EXERCISE PROMPT: From the records below, copy out exactly the lines from the one containing "(1::'b) = Poly_Mapping.single" to the one containing "using lookup_mult_single_one[of f", both included. Add nothing else.

DATA RECORDS:
-*-*-
definition kseq :: "nat \<Rightarrow> lpoly fract" where "kseq n = fst (state n)"
definition lseq :: "nat \<Rightarrow> lpoly fract" where "lseq n = fst (snd (state n))"

end

theory Submission
  imports Defs "HOL-Computational_Algebra.Polynomial_Factorial" "HOL-Library.Product_Lexorder"
    "HOL-Library.Product_Plus"
begin

(* LR is the localisation of the factorial ring Z[a][k0,k1,l0,l1] at the monomial k0 k1 l0 l1, so
   Euclid's lemma holds in LR; both claims are proved together by induction.

   Modulo k(n+1) the recurrence gives k(n+2) k(n) = a6 l(n+1)^2 and l(n+2) l(n) = a3 l(n+1)^2. By
   homogeneity of QA(x,y) = a3 x^2 + a5 x y + a6 y^2,
     (k(n) l(n))^2 QA(k(n+2), l(n+2)) = a3 a6 l(n+1)^4 QA(k(n), l(n)) = a3 a6 l(n+1)^4 k(n+1) k(n-1) = 0,
   and as k(n+1) is coprime to k(n) and l(n), it divides QA(k(n+2), l(n+2)) = k(n+3) k(n+1). The
   system is symmetric under k <-> l, a1 <-> a6, a2 <-> a5, which gives the same for l.

   Coprimality of adjacent iterates propagates: modulo k and l the new terms reduce to a6 l^2, a3 l^2,
   a3 k^2, a1 k^2, and a common divisor of the two new terms divides the resultant Res of the two
   quadratic forms. This needs two invariants of every iterate: it is positive at integer points
   where one of a1, a3, a6 vanishes, so none of these primes divides it; and its leading coefficient
   for a lexicographic order on k0, k1, l0, l1 divides a power of a1 a3 a6, so it is coprime to Res.
   The leading monomials of k(n) and l(n) differ, hence the leading term of each quadratic form is a
   single square, and both invariants propagate. *)

definition is_ring_hom :: "('a::comm_ring_1 \<Rightarrow> 'b::comm_ring_1) \<Rightarrow> bool" where
  "is_ring_hom f \<longleftrightarrow> f 0 = 0 \<and> f 1 = 1 \<and> (\<forall>x y. f (x + y) = f x + f y) \<and> (\<forall>x y. f (x * y) = f x * f y)"

lemma is_ring_homD:
  assumes "is_ring_hom f"
  shows "f 0 = 0" "f 1 = 1" "f (x + y) = f x + f y" "f (x * y) = f x * f y"
  using assms by (auto simp: is_ring_hom_def)

lemma is_ring_hom_uminus: "is_ring_hom f \<Longrightarrow> f (- x) = - f x"
proof -
  assume f: "is_ring_hom f"
  have "f (- x) + f x = 0" using is_ring_homD(3)[OF f, of "- x" x] is_ring_homD(1)[OF f] by simp
  then show ?thesis by (simp add: eq_neg_iff_add_eq_0)
qed

lemma is_ring_hom_diff: "is_ring_hom f \<Longrightarrow> f (x - y) = f x - f y"
  using is_ring_homD(3)[of f x "- y"] is_ring_hom_uminus[of f y] by simp

lemma is_ring_hom_power: "is_ring_hom f \<Longrightarrow> f (x ^ n) = f x ^ n"
  by (induction n) (simp_all add: is_ring_homD(2,4))

lemma is_ring_hom_prod: "is_ring_hom f \<Longrightarrow> f (prod g S) = (\<Prod>x\<in>S. f (g x))"
  by (induction S rule: infinite_finite_induct) (simp_all add: is_ring_homD(2,4))

lemmas is_ring_hom_simps = is_ring_homD is_ring_hom_uminus is_ring_hom_diff is_ring_hom_power

definition eval_poly :: "('a::zero \<Rightarrow> 'b::comm_ring_1) \<Rightarrow> 'b \<Rightarrow> 'a poly \<Rightarrow> 'b" where
  "eval_poly f v p = poly (map_poly f p) v"

lemma eval_poly_0 [simp]: "eval_poly f v 0 = 0"
  by (simp add: eval_poly_def)

lemma eval_poly_pCons: "f 0 = 0 \<Longrightarrow> eval_poly f v (pCons a p) = f a + v * eval_poly f v p"
  by (simp add: eval_poly_def map_poly_pCons)

lemma eval_poly_const: "f 0 = 0 \<Longrightarrow> eval_poly f v [:c:] = f c"
  by (simp add: eval_poly_pCons)

lemma eval_poly_1: "f 0 = 0 \<Longrightarrow> f 1 = 1 \<Longrightarrow> eval_poly f v 1 = 1"
  by (simp add: one_pCons eval_poly_pCons)

lemma is_ring_hom_eval_poly:
  assumes f: "is_ring_hom f"
  shows "is_ring_hom (eval_poly f v)"
proof -
  note simps = eval_poly_pCons is_ring_homD[OF f]
  have add: "eval_poly f v (p + q) = eval_poly f v p + eval_poly f v q" for p q
  proof (induction p arbitrary: q rule: pCons_induct)
    case (pCons a p)
    obtain b q' where "q = pCons b q'" by (cases q) auto
    then show ?case using pCons.IH[of q'] by (simp add: simps algebra_simps)
  qed simp
  have smult: "eval_poly f v (smult a q) = f a * eval_poly f v q" for a q
    by (induction q rule: pCons_induct) (auto simp: simps algebra_simps)
  have mult: "eval_poly f v (p * q) = eval_poly f v p * eval_poly f v q" for p q
  proof (induction p rule: pCons_induct)
    case (pCons a p)
    then show ?case by (simp add: add smult simps algebra_simps)
  qed simp
  show ?thesis by (simp add: is_ring_hom_def add mult eval_poly_1 simps)
qed

lemma lookup_mult_single_one:
  fixes f :: "('a::ab_group_add \<Rightarrow>\<^sub>0 'b::semiring_1)"
  shows "Poly_Mapping.lookup (f * Poly_Mapping.single e 1) k = Poly_Mapping.lookup f (k - e)"
proof -
  have inner: "Sum_any (\<lambda>q. Poly_Mapping.lookup (Poly_Mapping.single e (1::'b)) q when k = l + q)
      = (1 when k = l + e)" for l
  proof -
    have "Sum_any (\<lambda>q. Poly_Mapping.lookup (Poly_Mapping.single e (1::'b)) q when k = l + q)
        = Sum_any (\<lambda>q. (1 when k = l + e) when q = e)"
      by (rule Sum_any.cong) (auto simp: lookup_single when_def)
    then show ?thesis by simp
  qed
  have "Poly_Mapping.lookup (f * Poly_Mapping.single e 1) k
      = Sum_any (\<lambda>l. Poly_Mapping.lookup f l * (1 when k = l + e))"
    by (simp only: lookup_mult inner)
  also have "\<dots> = Sum_any (\<lambda>l. Poly_Mapping.lookup f l when l = k - e)"
    by (rule Sum_any.cong) (auto simp: when_def algebra_simps)
  finally show ?thesis by simp
qed

lemma single_sum_one:
  "Poly_Mapping.single (sum g S) 1 = (\<Prod>v\<in>S. Poly_Mapping.single (g v) 1 :: 'a::comm_monoid_add \<Rightarrow>\<^sub>0 'b::comm_semiring_1)"
proof (induction S rule: infinite_finite_induct)
  case (insert x F)
  have "Poly_Mapping.single (g x + sum g F) (1::'b) = Poly_Mapping.single (g x) 1 * Poly_Mapping.single (sum g F) 1"
    by (simp add: mult_single)
  then show ?case using insert by simp
qed simp_all

lemma var_power: "var i ^ j = Poly_Mapping.single (Poly_Mapping.single i (int j)) 1"
proof (induction j)
  case (Suc j)
  then show ?case
    by (simp add: var_def mult_single single_add[symmetric] add.commute)
qed simp

lemma lookup_var_mult:
  "Poly_Mapping.lookup (var i * f) m = Poly_Mapping.lookup f (m - Poly_Mapping.single i 1)"
  using lookup_mult_single_one[of f "Poly_Mapping.single i 1" m] by (simp add: var_def mult.commute)

definition into_poly_ring :: "nat set \<Rightarrow> ('a \<Rightarrow> lpoly) \<Rightarrow> bool" where
  "into_poly_ring V f \<longleftrightarrow> (\<forall>c. \<forall>m\<in>Poly_Mapping.keys (f c). \<forall>v.
       0 \<le> Poly_Mapping.lookup m v \<and> (v \<notin> V \<longrightarrow> Poly_Mapping.lookup m v = 0))"

lemma into_poly_ring_lookup_eq_0:
  assumes "into_poly_ring V f" "Poly_Mapping.lookup m i \<noteq> 0" "i \<notin> V"
  shows "Poly_Mapping.lookup (f c) m = 0"
  using assms unfolding into_poly_ring_def by (metis in_keys_iff)

lemma lookup_eval_poly_var:
  assumes V: "into_poly_ring V f" "i \<notin> V" and f0: "f 0 = 0"
  shows "Poly_Mapping.lookup (eval_poly f (var i) p) m =
    (if 0 \<le> Poly_Mapping.lookup m i
     then Poly_Mapping.lookup (f (coeff p (nat (Poly_Mapping.lookup m i))))
            (m - Poly_Mapping.single i (Poly_Mapping.lookup m i))
     else 0)"
proof (induction p arbitrary: m rule: pCons_induct)
  case 0 then show ?case by (simp add: f0)
next
  case (pCons a p)
  note fz = into_poly_ring_lookup_eq_0[OF V(1) _ V(2)]
  have eq: "Poly_Mapping.lookup (eval_poly f (var i) (pCons a p)) m =
      Poly_Mapping.lookup (f a) m + Poly_Mapping.lookup (eval_poly f (var i) p) (m - Poly_Mapping.single i 1)"
    by (simp add: eval_poly_pCons f0 lookup_add lookup_var_mult)
  have li: "Poly_Mapping.lookup (m - Poly_Mapping.single i 1) i = Poly_Mapping.lookup m i - 1"
    by (simp add: lookup_minus)
  consider "Poly_Mapping.lookup m i < 0" | "Poly_Mapping.lookup m i = 0" | "Poly_Mapping.lookup m i > 0"
    by linarith
  then show ?case
  proof cases
    case 1 then show ?thesis using eq pCons.IH[of "m - Poly_Mapping.single i 1"] li fz[of m a] by simp
  next
    case 2 then show ?thesis using eq pCons.IH[of "m - Poly_Mapping.single i 1"] li by simp
  next
    case 3
    then obtain j where j: "Poly_Mapping.lookup m i = int (Suc j)"
      by (metis gr0_implies_Suc zero_less_imp_eq_int)
    have "nat (1 + int j) = Suc j" by simp
    then show ?thesis using eq pCons.IH[of "m - Poly_Mapping.single i 1"] li fz[of m a] j
      by (simp add: diff_diff_eq single_add)
  qed
qed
-*-*-
RESULT FOR THIS TASK:
  have "Poly_Mapping.single (g x + sum g F) (1::'b) = Poly_Mapping.single (g x) 1 * Poly_Mapping.single (sum g F) 1"
    by (simp add: mult_single)
  then show ?case using insert by simp
qed simp_all

lemma var_power: "var i ^ j = Poly_Mapping.single (Poly_Mapping.single i (int j)) 1"
proof (induction j)
  case (Suc j)
  then show ?case
    by (simp add: var_def mult_single single_add[symmetric] add.commute)
qed simp

lemma lookup_var_mult:
  "Poly_Mapping.lookup (var i * f) m = Poly_Mapping.lookup f (m - Poly_Mapping.single i 1)"
  using lookup_mult_single_one[of f "Poly_Mapping.single i 1" m] by (simp add: var_def mult.commute)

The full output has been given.